# Abandoned dog finds comfort....



## Cathy's Gunner (Dec 4, 2008)

*A Nativity Scene was erected in a church yard. 

During the night the folks came across this scene.

An abandoned dog was looking for a comfortable, protected place to sleep. He chose baby Jesus as his comfort. No one had the heart to send him away so he was there all night. 
*







*We should all have the good sense of this dog and curl up in Jesus' lap from time *




*to time.*




*This is too sweet not to share. No one mentioned that the dog breed is a "shepherd!" 
*


----------



## C's Mom (Dec 7, 2009)

Cathy, the pic did not come up for me?????


----------



## Cathy's Gunner (Dec 4, 2008)

Odd, it's here when I look at it. Are you getting a X in a box? Can you right click on it where it says show picture? Does anyone else have a problem seeing it?

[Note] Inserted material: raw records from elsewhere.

lemma simulable_sqrt_amplitudes_poly_ratio:
  fixes f :: "real \<Rightarrow> real"
  assumes f_ne_1: "\<forall>p\<in>{0<..<1}. f p \<noteq> 1"
    and "simulable (\<lambda>p. complex_of_real (sqrt (f p))) (\<lambda>p. complex_of_real (sqrt (1 - f p)))"
  shows "\<exists>P0 P1. P1 \<noteq> 0 \<and> (\<forall>p\<in>{0<..<1}. poly P1 (complex_of_real (sqrt (p / (1 - p)))) \<noteq> 0 \<longrightarrow>
    poly P0 (complex_of_real (sqrt (p / (1 - p))))
      = poly P1 (complex_of_real (sqrt (p / (1 - p)))) * complex_of_real (sqrt (f p / (1 - f p))))"
proof -
  from assms(2) obtain \<psi> where "reachable 1 \<psi>"
    and proportional: "\<forall>p\<in>{0<..<1}. (\<psi> p 0 \<noteq> 0 \<or> \<psi> p 1 \<noteq> 0) \<longrightarrow>
      (\<exists>c. c \<noteq> 0 \<and> \<psi> p 0 = c * complex_of_real (sqrt (f p))
        \<and> \<psi> p 1 = c * complex_of_real (sqrt (1 - f p)))"
    unfolding simulable_def by blast
  obtain N P i where amp: "poly_amplitudes N P \<psi>" and "i < 2" "P i \<noteq> 0"
    using reachable_poly_amplitudes[OF \<open>reachable 1 \<psi>\<close>] by auto
  then have P01: "P 0 \<noteq> 0 \<or> P 1 \<noteq> 0"
    by (auto simp: less_2_cases_iff)
  define z where "z p = complex_of_real (sqrt (p / (1 - p)))" for p
  define Y where "Y p = complex_of_real (sqrt (1 - p) ^ N)" for p
  have \<psi>: "\<psi> p i = Y p * poly (P i) (z p)" and Y_nonzero: "Y p \<noteq> 0" if "p \<in> {0<..<1}" for p i
    using amp that by (auto simp: poly_amplitudes_def z_def Y_def)
  have ratio: "poly (P 0) (z p) = poly (P 1) (z p) * complex_of_real (sqrt (f p / (1 - f p)))"
    if p: "p \<in> {0<..<1}" and "\<psi> p 0 \<noteq> 0 \<or> \<psi> p 1 \<noteq> 0" for p
  proof -
    have "\<exists>c. c \<noteq> 0 \<and> \<psi> p 0 = c * complex_of_real (sqrt (f p))
        \<and> \<psi> p 1 = c * complex_of_real (sqrt (1 - f p))"
      using proportional that by blast
    then obtain c where "\<psi> p 0 = c * complex_of_real (sqrt (f p))"
      "\<psi> p 1 = c * complex_of_real (sqrt (1 - f p))"
      by blast
    moreover have "sqrt (1 - f p) \<noteq> 0"
      using f_ne_1 p by simp
    ultimately show ?thesis
      using amplitude_ratio \<psi>[OF p] Y_nonzero[OF p] by (simp add: real_sqrt_divide)
  qed
  have "P 1 \<noteq> 0"
  proof
    assume "P 1 = 0"
    with P01 have "P 0 \<noteq> 0"
      by simp
    then obtain p where p: "p \<in> {0<..<1}" and u: "poly (P 0) (z p) \<noteq> 0"
      using ex_sqrt_odds_poly_nonzero unfolding z_def by blast
    then have "\<psi> p 0 \<noteq> 0"
      using \<psi>[OF p] Y_nonzero[OF p] by simp
    then have "poly (P 0) (z p) = 0"
      using ratio[OF p] \<open>P 1 = 0\<close> by simp
    with u show False ..
  qed
  moreover have "poly (P 0) (z p) = poly (P 1) (z p) * complex_of_real (sqrt (f p / (1 - f p)))"
    if "p \<in> {0<..<1}" "poly (P 1) (z p) \<noteq> 0" for p
    using that ratio \<psi> Y_nonzero by simp
  ultimately show ?thesis
    unfolding z_def by blast
qed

It's a picture of a small GSD curled up around a baby Jesus doll in manger.


----------



## Adriennelane (Feb 13, 2008)

I'm not getting anything.


----------



## C's Mom (Dec 7, 2009)

Cathy, I right clicked on the pic and still nothing??????


----------



## Cathy's Gunner (Dec 4, 2008)

Sorry everyone. I can see it but not sure how to show it to all of you.


----------



## Adriennelane (Feb 13, 2008)

Is there a link to it that you can share?


----------



## Cathy's Gunner (Dec 4, 2008)

It was sent to me in an email and there was no link, sorry everyone.


----------



## pwrstrk02 (Aug 11, 2010)

ahhh! how disapointing. i cant see it.


----------



## GoldensGirl (Aug 2, 2010)

*Photo and link*

Here's a link to a news story on this topic: PHOTO OF<br> THE DAY:<br> Asleep in a manger | BREAKING NEWS | Sky Valley Chronicle Washington State News

And the image follows.

Lucy


----------



## kwhit (Apr 7, 2008)

I think this is the picture:

http://3.bp.blogspot.com/_37JbapWjBpo/S-YQQPEulwI/AAAAAAAADVk/uEUZDcZn95A/s1600/Fwdog.jpeg


----------



## C's Mom (Dec 7, 2009)

Awww, that was a sweet pic. I hope this doggie finds a good home.


----------



## Adriennelane (Feb 13, 2008)

That just about brings me to tears.


----------